The best way to start is to run the provided examples (both examples will take a few seconds to execute). First build a reference:
cd examples
python3 build_reference.py
To process queries run:
mkdir results
wget -P genomes/ https://ftp.ncbi.nlm.nih.gov/genomes/all/GCF/000/146/045/GCF_000146045.2_R64/GCF_000146045.2_R64_genomic.fna.gz
python3 process_query.py
This will produce typical KACI output files for the downloaded genome in results directory.
You should look at these examples to familarize yourself with the inputs that control KACI.
The following inputs should be given to the library:
-
amino acid kmer length
-
translation table - a string of single letter amino acid decodings for the 64 possible codons. The order of decodings in the table is based on the ascending ordering of codons where T<C<A<G. The translation table for the standard genetic code is
FFLLSSSSYY**CC*WLLLLPPPPHHQQRRRRIIIMTTTTNNKKSSRRVVVVAAAADDEEGGGG -
maximum query count - how many times an amino acid kmer that is found repeatedly in the query and matches a reference kmer will be used in estimating decoding probabilities
-
the name of the file containing query nucleotide sequences in fasta format (*.fna or *.fna.gz) OR a list of such file names when working in the batch mode
-
the name of the file containing the reference kmers (the format of this file is described below)
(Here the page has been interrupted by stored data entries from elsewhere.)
lemma Exp_factorial_moment_exact:
  fixes Hs :: "('v, 'h) mgraph list"
  assumes len: "length rs = length Hs"
    and wfH: "\<And>H. H \<in> set Hs \<Longrightarrow> mg_wf H"
    and connH: "\<And>H. H \<in> set Hs \<Longrightarrow> mg_connected H"
    and noniso: "\<And>i j. i < length Hs \<Longrightarrow> j < length Hs \<Longrightarrow> i \<noteq> j \<Longrightarrow> \<not> mg_iso (Hs ! i) (Hs ! j)"
    and ev: "even (\<Sum>i<n. d n i)"
    and S: "finite S" and Ssup: "\<And>H. H \<in> set Hs \<Longrightarrow> mg_deg H ` verts H \<subseteq> S"
  shows "Exp d n (\<lambda>m. \<Prod>i<length Hs. ffall (real (Ycount (Hs ! i) d n m)) (rs ! i))
    = (\<Prod>j\<in>copy_indices rs. deg_fact_prod (Hs ! fst j)) *
      copy_weight d n S (\<lambda>k. \<Sum>j\<in>copy_indices rs. mg_nk (Hs ! fst j) k) (\<Sum>j\<in>copy_indices rs. mg_e (Hs ! fst j))
      / real (\<Prod>j\<in>copy_indices rs. mg_aut (Hs ! fst j))"
proof -
  let ?K = "mg_union (copy_indices rs) (\<lambda>(i, t). Hs ! i)"
  have "\<forall>H\<in>set Hs. mg_wf H" using wfH by blast
  note K = mg_union_copies[OF len this]
  have "mg_deg (Hs ! fst j) ` verts (Hs ! fst j) \<subseteq> S" if "j \<in> copy_indices rs" for j
    using that len by (intro Ssup nth_mem) (auto simp: copy_indices_def)
  then have degK: "mg_deg ?K ` verts ?K \<subseteq> S" unfolding K(7) by (rule UN_least)
  have "Exp d n (\<lambda>m. \<Prod>i<length Hs. ffall (real (Ycount (Hs ! i) d n m)) (rs ! i))
     = Exp d n (\<lambda>m. real (card (embeddings ?K d n m))) / real (\<Prod>j\<in>copy_indices rs. mg_aut (Hs ! fst j))"
    by (rule Exp_factorial_moment_embeddings[where d = d and n = n, OF len wfH connH noniso ev])
  also have "Exp d n (\<lambda>m. real (card (embeddings ?K d n m)))
      = deg_fact_prod ?K * copy_weight d n (mg_deg ?K ` verts ?K) (mg_nk ?K) (mg_e ?K)"
    by (rule Exp_card_embeddings_eq_copy_weight[where d = d and n = n, OF K(1) ev])
  also have "copy_weight d n (mg_deg ?K ` verts ?K) (mg_nk ?K) (mg_e ?K) = copy_weight d n S (mg_nk ?K) (mg_e ?K)"
    by (rule copy_weight_degree_superset[OF S degK])
  finally show ?thesis unfolding K(2,4,5) .
qed

lemma copy_indices_1: "copy_indices [Suc 0] = {(0, 0)}" by (auto simp: copy_indices_def)

lemma copy_indices_1_1: "copy_indices [Suc 0, Suc 0] = {(0, 0), (Suc 0, 0)}" by (auto simp: copy_indices_def less_Suc_eq nth_Cons')

lemma copy_indices_2: "copy_indices [2] = {(0, 0), (0, Suc 0)}" by (auto simp: copy_indices_def less_Suc_eq numeral_2_eq_2)

lemma Exp_Ycount_exact:
  assumes wf: "mg_wf H" and conn: "mg_connected H" and ev: "even (\<Sum>i<n. d n i)"
    and S: "finite S" and Ssup: "mg_deg H ` verts H \<subseteq> S"
  shows "Exp d n (\<lambda>m. real (Ycount H d n m)) = deg_fact_prod H * copy_weight d n S (mg_nk H) (mg_e H) / real (mg_aut H)"
proof -
  have "Exp d n (\<lambda>m. \<Prod>i<length [H]. ffall (real (Ycount ([H] ! i) d n m)) ([1] ! i))
    = (\<Prod>j\<in>copy_indices [1]. deg_fact_prod ([H] ! fst j)) *
      copy_weight d n S (\<lambda>k. \<Sum>j\<in>copy_indices [1]. mg_nk ([H] ! fst j) k) (\<Sum>j\<in>copy_indices [1]. mg_e ([H] ! fst j))
      / real (\<Prod>j\<in>copy_indices [1]. mg_aut ([H] ! fst j))"
    by (rule Exp_factorial_moment_exact[where d = d and n = n, OF _ _ _ _ ev S]) (use wf conn Ssup in auto)
  then show ?thesis by (simp add: copy_indices_1)
qed

lemma Exp_Ycount_product_exact_same_type:
  fixes H1 H2 :: "('v, 'h) mgraph"
  assumes wf1: "mg_wf H1" and conn1: "mg_connected H1" and wf2: "mg_wf H2" and conn2: "mg_connected H2"
    and ni: "\<not> mg_iso H1 H2" "\<not> mg_iso H2 H1" and ev: "even (\<Sum>i<n. d n i)"
    and S: "finite S" and Ssup: "mg_deg H1 ` verts H1 \<subseteq> S" "mg_deg H2 ` verts H2 \<subseteq> S"
  shows "Exp d n (\<lambda>m. real (Ycount H1 d n m) * real (Ycount H2 d n m))
     = deg_fact_prod H1 * deg_fact_prod H2 * copy_weight d n S (\<lambda>k. mg_nk H1 k + mg_nk H2 k) (mg_e H1 + mg_e H2) / real (mg_aut H1 * mg_aut H2)"
proof -
  have ni': "\<And>i j. i < length [H1, H2] \<Longrightarrow> j < length [H1, H2] \<Longrightarrow> i \<noteq> j \<Longrightarrow> \<not> mg_iso ([H1, H2] ! i) ([H1, H2] ! j)"
    using ni by (auto simp: less_Suc_eq)
  have "Exp d n (\<lambda>m. \<Prod>i<length [H1, H2]. ffall (real (Ycount ([H1, H2] ! i) d n m)) ([1, 1] ! i))
    = (\<Prod>j\<in>copy_indices [1, 1]. deg_fact_prod ([H1, H2] ! fst j)) *
      copy_weight d n S (\<lambda>k. \<Sum>j\<in>copy_indices [1, 1]. mg_nk ([H1, H2] ! fst j) k) (\<Sum>j\<in>copy_indices [1, 1]. mg_e ([H1, H2] ! fst j))
      / real (\<Prod>j\<in>copy_indices [1, 1]. mg_aut ([H1, H2] ! fst j))"
    by (rule Exp_factorial_moment_exact[where d = d and n = n, OF _ _ _ ni' ev S]) (use wf1 wf2 conn1 conn2 Ssup in auto)
  then show ?thesis by (simp add: copy_indices_1_1 numeral_2_eq_2 mult_ac)
qed

text \<open>To count pairs of components of two graphs of different types, both are first moved
into the sum type, where they can be listed together.\<close>

lemma Exp_Ycount_product_exact:
  fixes H1 :: "('c, 'e) mgraph" and H2 :: "('f, 'g) mgraph"
  assumes wf1: "mg_wf H1" and c1: "mg_connected H1" and wf2: "mg_wf H2" and c2: "mg_connected H2"
    and ni: "\<not> mg_iso H1 H2" and ev: "even (\<Sum>i<n. d n i)"
    and S: "finite S" and S1: "mg_deg H1 ` verts H1 \<subseteq> S" and S2: "mg_deg H2 ` verts H2 \<subseteq> S"
  shows "Exp d n (\<lambda>m. real (Ycount H1 d n m) * real (Ycount H2 d n m))
     = deg_fact_prod H1 * deg_fact_prod H2 * copy_weight d n S (\<lambda>k. mg_nk H1 k + mg_nk H2 k) (mg_e H1 + mg_e H2)
       / real (mg_aut H1 * mg_aut H2)"
proof -
  define H1' :: "('c + 'f, 'e + 'g) mgraph" where "H1' = mg_relabel Inl Inl projl H1"
  define H2' :: "('c + 'f, 'e + 'g) mgraph" where "H2' = mg_relabel Inr Inr projr H2"
  have wf1': "mg_wf H1'" and i1: "(restrict Inl (verts H1), restrict Inl (halfs H1)) \<in> isos H1 H1'"
    unfolding H1'_def by (rule mg_relabel_iso[OF wf1]; simp)+
  have wf2': "mg_wf H2'" and i2: "(restrict Inr (verts H2), restrict Inr (halfs H2)) \<in> isos H2 H2'"
    unfolding H2'_def by (rule mg_relabel_iso[OF wf2]; simp)+
  have iso1: "mg_iso H1 H1'" using i1 mg_iso_iff_isos_ne[OF wf1] by blast
  have iso2: "mg_iso H2 H2'" using i2 mg_iso_iff_isos_ne[OF wf2] by blast
  have ni1: "\<not> mg_iso H1' H2'"
  proof
    assume "mg_iso H1' H2'"
    then have "mg_iso H1' H2" using mg_iso_trans[OF wf1' _ mg_iso_sym[OF wf2 wf2' iso2]] by blast
    then show False using ni mg_iso_trans[OF wf1 iso1] by blast
  qed
  have "Exp d n (\<lambda>m. real (Ycount H1 d n m) * real (Ycount H2 d n m))
      = Exp d n (\<lambda>m. real (Ycount H1' d n m) * real (Ycount H2' d n m))"
    by (rule Exp_cong[where d = d and n = n, OF ev]) (simp add: Ycount_iso[OF wf1 wf1' iso1] Ycount_iso[OF wf2 wf2' iso2])
  also have "\<dots> = deg_fact_prod H1' * deg_fact_prod H2' * copy_weight d n S (\<lambda>k. mg_nk H1' k + mg_nk H2' k) (mg_e H1' + mg_e H2')
      / real (mg_aut H1' * mg_aut H2')"
    using S1 S2 ni1 mg_iso_sym[OF wf2' wf1'] iso_mg_deg_image[OF wf1 wf1' i1] iso_mg_deg_image[OF wf2 wf2' i2]
    by (intro Exp_Ycount_product_exact_same_type[where d = d and n = n, OF wf1' _ wf2' _ _ _ ev S])
       (auto intro: iso_mg_connected[OF wf1 wf1' i1 c1] iso_mg_connected[OF wf2 wf2' i2 c2])
  finally have exp_eq: "Exp d n (\<lambda>m. real (Ycount H1 d n m) * real (Ycount H2 d n m))
      = deg_fact_prod H1' * deg_fact_prod H2' * copy_weight d n S (\<lambda>k. mg_nk H1' k + mg_nk H2' k) (mg_e H1' + mg_e H2')
        / real (mg_aut H1' * mg_aut H2')" .
  have "deg_fact_prod H1' = deg_fact_prod H1" "deg_fact_prod H2' = deg_fact_prod H2"
    unfolding deg_fact_prod_def by (rule iso_prod_mg_deg[OF wf1 wf1' i1] iso_prod_mg_deg[OF wf2 wf2' i2])+
  moreover have "mg_nk H1' = mg_nk H1" "mg_nk H2' = mg_nk H2"
    using iso_mg_nk[OF wf1 wf1' i1] iso_mg_nk[OF wf2 wf2' i2] by auto
  moreover have "mg_aut H1' = mg_aut H1" "mg_aut H2' = mg_aut H2"
    using mg_aut_eq_if_iso[OF wf1 wf1' iso1] mg_aut_eq_if_iso[OF wf2 wf2' iso2] by simp_all
  ultimately show ?thesis
    unfolding exp_eq iso_mg_e[OF wf1 wf1' i1] iso_mg_e[OF wf2 wf2' i2] by simp
qed

lemma Exp_Ycount_ffall_2_exact:
  assumes wf: "mg_wf H" and conn: "mg_connected H" and ev: "even (\<Sum>i<n. d n i)"
    and S: "finite S" and Ssup: "mg_deg H ` verts H \<subseteq> S"
  shows "Exp d n (\<lambda>m. ffall (real (Ycount H d n m)) 2)
     = deg_fact_prod H * deg_fact_prod H * copy_weight d n S (\<lambda>k. mg_nk H k + mg_nk H k) (mg_e H + mg_e H) / real (mg_aut H * mg_aut H)"
proof -
  have "Exp d n (\<lambda>m. \<Prod>i<length [H]. ffall (real (Ycount ([H] ! i) d n m)) ([2] ! i))
    = (\<Prod>j\<in>copy_indices [2]. deg_fact_prod ([H] ! fst j)) *
      copy_weight d n S (\<lambda>k. \<Sum>j\<in>copy_indices [2]. mg_nk ([H] ! fst j) k) (\<Sum>j\<in>copy_indices [2]. mg_e ([H] ! fst j))
      / real (\<Prod>j\<in>copy_indices [2]. mg_aut ([H] ! fst j))"
    by (rule Exp_factorial_moment_exact[where d = d and n = n, OF _ _ _ _ ev S]) (use wf conn Ssup in auto)
  then show ?thesis by (simp add: copy_indices_2)
qed

lemma Exp_Ycount_product_iso_exact:
  assumes wf1: "mg_wf H1" and c1: "mg_connected H1" and wf2: "mg_wf H2" and iso: "mg_iso H1 H2"
    and ev: "even (\<Sum>i<n. d n i)" and S: "finite S" and S1: "mg_deg H1 ` verts H1 \<subseteq> S"
  shows "Exp d n (\<lambda>m. real (Ycount H1 d n m) * real (Ycount H2 d n m))
     = deg_fact_prod H1 * deg_fact_prod H1 * copy_weight d n S (\<lambda>k. mg_nk H1 k + mg_nk H1 k) (mg_e H1 + mg_e H1)
       / real (mg_aut H1 * mg_aut H1) + Exp d n (\<lambda>m. real (Ycount H1 d n m))"
proof -
  have "Exp d n (\<lambda>m. real (Ycount H1 d n m) * real (Ycount H2 d n m))
      = Exp d n (\<lambda>m. ffall (real (Ycount H1 d n m)) 2 + real (Ycount H1 d n m))"
    by (rule Exp_cong[where d = d and n = n, OF ev]) (simp add: Ycount_iso[OF wf1 wf2 iso] ffall_2)
  also have "\<dots> = Exp d n (\<lambda>m. ffall (real (Ycount H1 d n m)) 2) + Exp d n (\<lambda>m. real (Ycount H1 d n m))"
    by (rule Exp_add[where d = d and n = n, OF ev])
  finally show ?thesis
    unfolding Exp_Ycount_ffall_2_exact[where d = d and n = n, OF wf1 c1 ev S S1] .
qed

section \<open>Asymptotics\<close>

lemma smallo_of_tendsto_div:
  assumes "(\<lambda>n. f n / real n) \<longlonglongrightarrow> c"
  shows "(\<lambda>n. f n - real n * c) \<in> o(\<lambda>n. real n)"
proof (rule smalloI_tendsto)
  have "(\<lambda>n. f n / real n - c) \<longlonglongrightarrow> 0"
    using tendsto_diff[OF assms tendsto_const[of c]] by simp
  moreover have "eventually (\<lambda>n. f n / real n - c = (f n - real n * c) / real n) sequentially"
    using eventually_gt_at_top[of 0] by eventually_elim (simp add: field_simps)
  ultimately show "(\<lambda>n. (f n - real n * c) / real n) \<longlonglongrightarrow> 0"
    by (rule Lim_transform_eventually)
  show "eventually (\<lambda>n. real n \<noteq> 0) sequentially"
    using eventually_gt_at_top[of 0] by eventually_elim simp
qed

lemma prod_lessThan_add: "(\<Prod>i<a + b. h i) = (\<Prod>i<a. h i) * (\<Prod>i<b. h (a + i))"
  for h :: "nat \<Rightarrow> 'a::comm_monoid_mult"
  by (induction b) (simp_all add: prod.lessThan_Suc mult_ac)

lemma sum_lessThan_add: "(\<Sum>i<a + b. h i) = (\<Sum>i<a. h i) + (\<Sum>i<b. h (a + i))"
  for h :: "nat \<Rightarrow> 'a::comm_monoid_add"
  by (induction b) (simp_all add: sum.lessThan_Suc add_ac)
If the reference file is not available, it should be constructed first. The library settings that influence this process are
-
maximum allowed count for any single amino acid in a family reference kmer
-
minimum allowed number of proteins in a family
-
minimum allowed link number - the number of kmers in one family that are linked by a single amino acid substitution at a specific position
-
name of the file containing representative sequences of protein domains for all available protein families in fasta format. One example of such file is Pfam-A.fasta.gz which accompanies releases of Pfam domain database.
-
a json file containing the decoding probabilities for every codon and the number of times each codon contributed to the decoding probability calculation
-
optionally a csv file listing all query kmers that contributed to the calculation
If you make modifications to the library, you may want to check that everything is still working as expected. To run the tests:
- Download genomes from NCBI:
wget -P test/genomes/ https://ftp.ncbi.nlm.nih.gov/genomes/all/GCF/000/146/045/GCF_000146045.2_R64/GCF_000146045.2_R64_genomic.fna.gz
wget -P test/genomes/ https://ftp.ncbi.nlm.nih.gov/genomes/all/GCA/001/661/245/GCA_001661245.1_Pacta1_2/GCA_001661245.1_Pacta1_2_genomic.fna.gz
wget -P test/genomes/ https://ftp.ncbi.nlm.nih.gov/genomes/all/GCF/000/182/965/GCF_000182965.3_ASM18296v3/GCF_000182965.3_ASM18296v3_genomic.fna.gz
- Run the tests:
python3 tests.py
Note: the last test needs seqkit
This project was made possible by a very fast hash table C library
In addition, it utilizes a C implementation of logaddexp
Artem V Melnykov. "New genetic codes in bacteria and archaea identified with a fast k-mer based algorithm" (preprint)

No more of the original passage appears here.